Work to complete: Give the number of lines in these entries that contain "shows", and nothing more.

Records to use:
text \<open>A germ is determined by its Taylor series, so W(f, h^-1 g h) is the identity iff the formal
  word W(F, H^-1 G H) in the Taylor series F, G, H of f, g, h equals X. Each coefficient of that
  word is a rational function of finitely many coefficients of H, with powers of h'(0) as
  denominators. Openness follows because Cauchy estimates make Taylor coefficients continuous
  for the analytic topology. For density near a germ f0, choose a polynomial q agreeing with the
  given formal conjugator minus f0 to high order: along the line f0 + t q some coefficient of the
  word minus X is a holomorphic function of t that does not vanish at t = 1, hence by the
  identity theorem it does not vanish for arbitrarily small t.\<close>

unbundle no vec_syntax

section \<open>Coefficientwise holomorphy and convergence of formal power series\<close>

definition fps_coeffs_holomorphic_on :: "(complex \<Rightarrow> complex fps) \<Rightarrow> complex set \<Rightarrow> bool" where
  "fps_coeffs_holomorphic_on P U \<longleftrightarrow> (\<forall>i. (\<lambda>t. P t $ i) holomorphic_on U)"

definition fps_coeffs_tendsto :: "('p \<Rightarrow> complex fps) \<Rightarrow> complex fps \<Rightarrow> 'p filter \<Rightarrow> bool" where
  "fps_coeffs_tendsto P Q F \<longleftrightarrow> (\<forall>i. ((\<lambda>x. P x $ i) \<longlongrightarrow> Q $ i) F)"

lemma fps_coeffs_holomorphic_const: "fps_coeffs_holomorphic_on (\<lambda>_. P) U"
  by (simp add: fps_coeffs_holomorphic_on_def)

lemma fps_coeffs_tendsto_const: "fps_coeffs_tendsto (\<lambda>_. P) P F"
  by (simp add: fps_coeffs_tendsto_def)

lemma fps_coeffs_holomorphic_mult:
  "fps_coeffs_holomorphic_on P U \<Longrightarrow> fps_coeffs_holomorphic_on Q U \<Longrightarrow>
    fps_coeffs_holomorphic_on (\<lambda>t. P t * Q t) U"
  unfolding fps_coeffs_holomorphic_on_def fps_mult_nth by (auto intro!: holomorphic_intros)

lemma fps_coeffs_tendsto_mult:
  "fps_coeffs_tendsto P P' F \<Longrightarrow> fps_coeffs_tendsto Q Q' F \<Longrightarrow>
    fps_coeffs_tendsto (\<lambda>t. P t * Q t) (P' * Q') F"
  unfolding fps_coeffs_tendsto_def fps_mult_nth by (auto intro!: tendsto_intros)

lemma fps_coeffs_tendsto_add:
  "fps_coeffs_tendsto P P' F \<Longrightarrow> fps_coeffs_tendsto Q Q' F \<Longrightarrow>
    fps_coeffs_tendsto (\<lambda>t. P t + Q t) (P' + Q') F"
  unfolding fps_coeffs_tendsto_def by (auto intro!: tendsto_intros)

lemma fps_coeffs_tendsto_fps_cutoff: "fps_coeffs_tendsto (\<lambda>m. fps_cutoff m D) D sequentially"
  unfolding fps_coeffs_tendsto_def
proof
  fix i
  have "\<forall>\<^sub>F m in sequentially. fps_cutoff m D $ i = D $ i"
    by (rule eventually_sequentiallyI[of "Suc i"]) simp
  then show "(\<lambda>m. fps_cutoff m D $ i) \<longlonglongrightarrow> D $ i"
    by (rule tendsto_eventually)
qed

lemma fps_coeffs_holomorphic_power:
  "fps_coeffs_holomorphic_on P U \<Longrightarrow> fps_coeffs_holomorphic_on (\<lambda>t. P t ^ k) U"
  by (induction k) (auto simp: fps_coeffs_holomorphic_const fps_coeffs_holomorphic_mult)

lemma fps_coeffs_tendsto_power:
  "fps_coeffs_tendsto P P' F \<Longrightarrow> fps_coeffs_tendsto (\<lambda>t. P t ^ k) (P' ^ k) F"
  by (induction k) (auto simp: fps_coeffs_tendsto_const fps_coeffs_tendsto_mult)

lemma fps_coeffs_holomorphic_compose:
  assumes "fps_coeffs_holomorphic_on P U" "fps_coeffs_holomorphic_on Q U"
  shows "fps_coeffs_holomorphic_on (\<lambda>t. P t oo Q t) U"
  using assms fps_coeffs_holomorphic_power[OF assms(2)]
  unfolding fps_coeffs_holomorphic_on_def fps_compose_nth by (auto intro!: holomorphic_intros)

lemma fps_coeffs_tendsto_compose:
  assumes "fps_coeffs_tendsto P P' F" "fps_coeffs_tendsto Q Q' F"
  shows "fps_coeffs_tendsto (\<lambda>t. P t oo Q t) (P' oo Q') F"
  using assms fps_coeffs_tendsto_power[OF assms(2)]
  unfolding fps_coeffs_tendsto_def fps_compose_nth by (auto intro!: tendsto_intros)

lemma fps_inv_nth: "fps_inv a $ n = compinv a n"
  by (simp add: fps_inv_def)

lemma fps_inv_nth_1: "fps_inv a $ 1 = 1 / a $ 1"
  by (simp add: fps_inv_nth)

text \<open>The recursion defining compinv divides only by powers of the linear coefficient.\<close>

lemma fps_coeffs_holomorphic_fps_inv:
  assumes P: "fps_coeffs_holomorphic_on P U" and P1: "\<And>t. t \<in> U \<Longrightarrow> P t $ 1 \<noteq> 0"
  shows "fps_coeffs_holomorphic_on (\<lambda>t. fps_inv (P t)) U"
proof -
  have "\<forall>j\<le>n. (\<lambda>t. compinv (P t) j) holomorphic_on U" for n
  proof (induction n)
    case (Suc n)
    then have "(\<lambda>t. compinv (P t) (Suc n)) holomorphic_on U"
      using fps_coeffs_holomorphic_power[OF P] P P1 unfolding fps_coeffs_holomorphic_on_def
      by (auto intro!: holomorphic_intros)
    with Suc show ?case by (auto simp: le_Suc_eq)
  qed simp
  then show ?thesis unfolding fps_coeffs_holomorphic_on_def fps_inv_nth by blast
qed

lemma fps_coeffs_tendsto_fps_inv:
  assumes P: "fps_coeffs_tendsto P P' F" and P'1: "P' $ 1 \<noteq> 0"
  shows "fps_coeffs_tendsto (\<lambda>t. fps_inv (P t)) (fps_inv P') F"
proof -
  have "\<forall>j\<le>n. ((\<lambda>t. compinv (P t) j) \<longlongrightarrow> compinv P' j) F" for n
  proof (induction n)
    case (Suc n)
    then have "((\<lambda>t. compinv (P t) (Suc n)) \<longlongrightarrow> compinv P' (Suc n)) F"
      using fps_coeffs_tendsto_power[OF P] P P'1 unfolding fps_coeffs_tendsto_def
      by (auto intro!: tendsto_intros)
    with Suc show ?case by (auto simp: le_Suc_eq)
  qed simp
  then show ?thesis unfolding fps_coeffs_tendsto_def fps_inv_nth by blast
qed

lemma word_eval_Nil [simp]: "word_eval cmp one a ai b bi [] = one"
  and word_eval_Cons [simp]:
    "word_eval cmp one a ai b bi (l # w) = cmp (letter_val a ai b bi l) (word_eval cmp one a ai b bi w)"
  by (simp_all add: word_eval_def)

lemma fps_coeffs_holomorphic_word_eval:
  assumes "fps_coeffs_holomorphic_on P1 U" "fps_coeffs_holomorphic_on P2 U"
    "fps_coeffs_holomorphic_on P3 U" "fps_coeffs_holomorphic_on P4 U"
  shows "fps_coeffs_holomorphic_on
    (\<lambda>t. word_eval (\<lambda>P Q. P oo Q) fps_X (P1 t) (P2 t) (P3 t) (P4 t) w) U"
proof (induction w)
  case (Cons l w)
  have "fps_coeffs_holomorphic_on (\<lambda>t. letter_val (P1 t) (P2 t) (P3 t) (P4 t) l) U"
    using assms by (cases l) auto
  with Cons show ?case by (simp add: fps_coeffs_holomorphic_compose)
qed (simp add: fps_coeffs_holomorphic_const)

lemma fps_coeffs_tendsto_word_eval:
  assumes "fps_coeffs_tendsto P1 Q1 F" "fps_coeffs_tendsto P2 Q2 F"
    "fps_coeffs_tendsto P3 Q3 F" "fps_coeffs_tendsto P4 Q4 F"
  shows "fps_coeffs_tendsto (\<lambda>t. word_eval (\<lambda>P Q. P oo Q) fps_X (P1 t) (P2 t) (P3 t) (P4 t) w)
    (word_eval (\<lambda>P Q. P oo Q) fps_X Q1 Q2 Q3 Q4 w) F"
proof (induction w)
  case (Cons l w)
  have "fps_coeffs_tendsto (\<lambda>t. letter_val (P1 t) (P2 t) (P3 t) (P4 t) l)
      (letter_val Q1 Q2 Q3 Q4 l) F"
    using assms by (cases l) auto
  with Cons show ?case by (simp add: fps_coeffs_tendsto_compose)
qed (simp add: fps_coeffs_tendsto_const)

lemma fps_compose_nth_1:
  fixes a b :: "'a::comm_ring_1 fps"
  shows "b $ 0 = 0 \<Longrightarrow> (a oo b) $ 1 = a $ 1 * b $ 1"
  by (simp add: fps_compose_nth numeral_2_eq_2 fps_mult_nth)
(* Let $\mathcal H$ and $\mathcal K$ be complex Hilbert spaces and $k \in \mathbb N$ with $k < \dim \mathcal H$. Let $\phi \colon \mathcal F_s(\mathcal H) \to \mathcal F_s(\mathcal K)$ be a linear map such that $\phi(\mathcal P_k(\mathcal H)) \subset \mathcal P_f(\mathcal K)$. Then there exists $m \in \mathbb N \cup \{0\}$ with $m \le \dim \mathcal K$ such that $\phi(\mathcal P_k(\mathcal H)) \subset \mathcal P_m(\mathcal K)$.
   Context: For a complex Hilbert space $\mathcal H$, $\mathcal F_s(\mathcal H)$ is the real vector space of bounded self-adjoint finite-rank operators on $\mathcal H$. A projection is a self-adjoint idempotent bounded operator; $\mathcal P_k(\mathcal H)$ is the set of projections of rank $k$ and $\mathcal P_f(\mathcal H)$ the set of all finite-rank projections. *)

theory Defs
  imports "HOL-Analysis.Analysis"
begin

text \<open>The inner product is linear in the second and conjugate-linear in the
  first argument; the norm is the one induced by the inner product.\<close>

class complex_inner = real_normed_vector +
  fixes scaleC :: "complex \<Rightarrow> 'a \<Rightarrow> 'a"  (infixr \<open>*\<^sub>C\<close> 75)
  fixes cinner :: "'a \<Rightarrow> 'a \<Rightarrow> complex"
  assumes scaleC_add_right: "c *\<^sub>C (x + y) = c *\<^sub>C x + c *\<^sub>C y"
    and scaleC_add_left: "(c + d) *\<^sub>C x = c *\<^sub>C x + d *\<^sub>C x"
    and scaleC_scaleC: "c *\<^sub>C (d *\<^sub>C x) = (c * d) *\<^sub>C x"
    and scaleC_one: "1 *\<^sub>C x = x"
    and scaleC_of_real: "complex_of_real r *\<^sub>C x = r *\<^sub>R x"
    and cinner_commute: "cinner x y = cnj (cinner y x)"
    and cinner_add_right: "cinner x (y + z) = cinner x y + cinner x z"
    and cinner_scaleC_right: "cinner x (c *\<^sub>C y) = c * cinner x y"
    and cinner_pos: "Im (cinner x x) = 0 \<and> Re (cinner x x) \<ge> 0"
    and cinner_eq_zero: "cinner x x = 0 \<longleftrightarrow> x = 0"
    and norm_cinner: "norm x = sqrt (Re (cinner x x))"

class chilbert_space = complex_inner + complete_space

abbreviation cspan :: "'a::complex_inner set \<Rightarrow> 'a set"
  where "cspan \<equiv> module.span scaleC"

abbreviation cdependent :: "'a::complex_inner set \<Rightarrow> bool"
  where "cdependent \<equiv> module.dependent scaleC"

Written answer: 7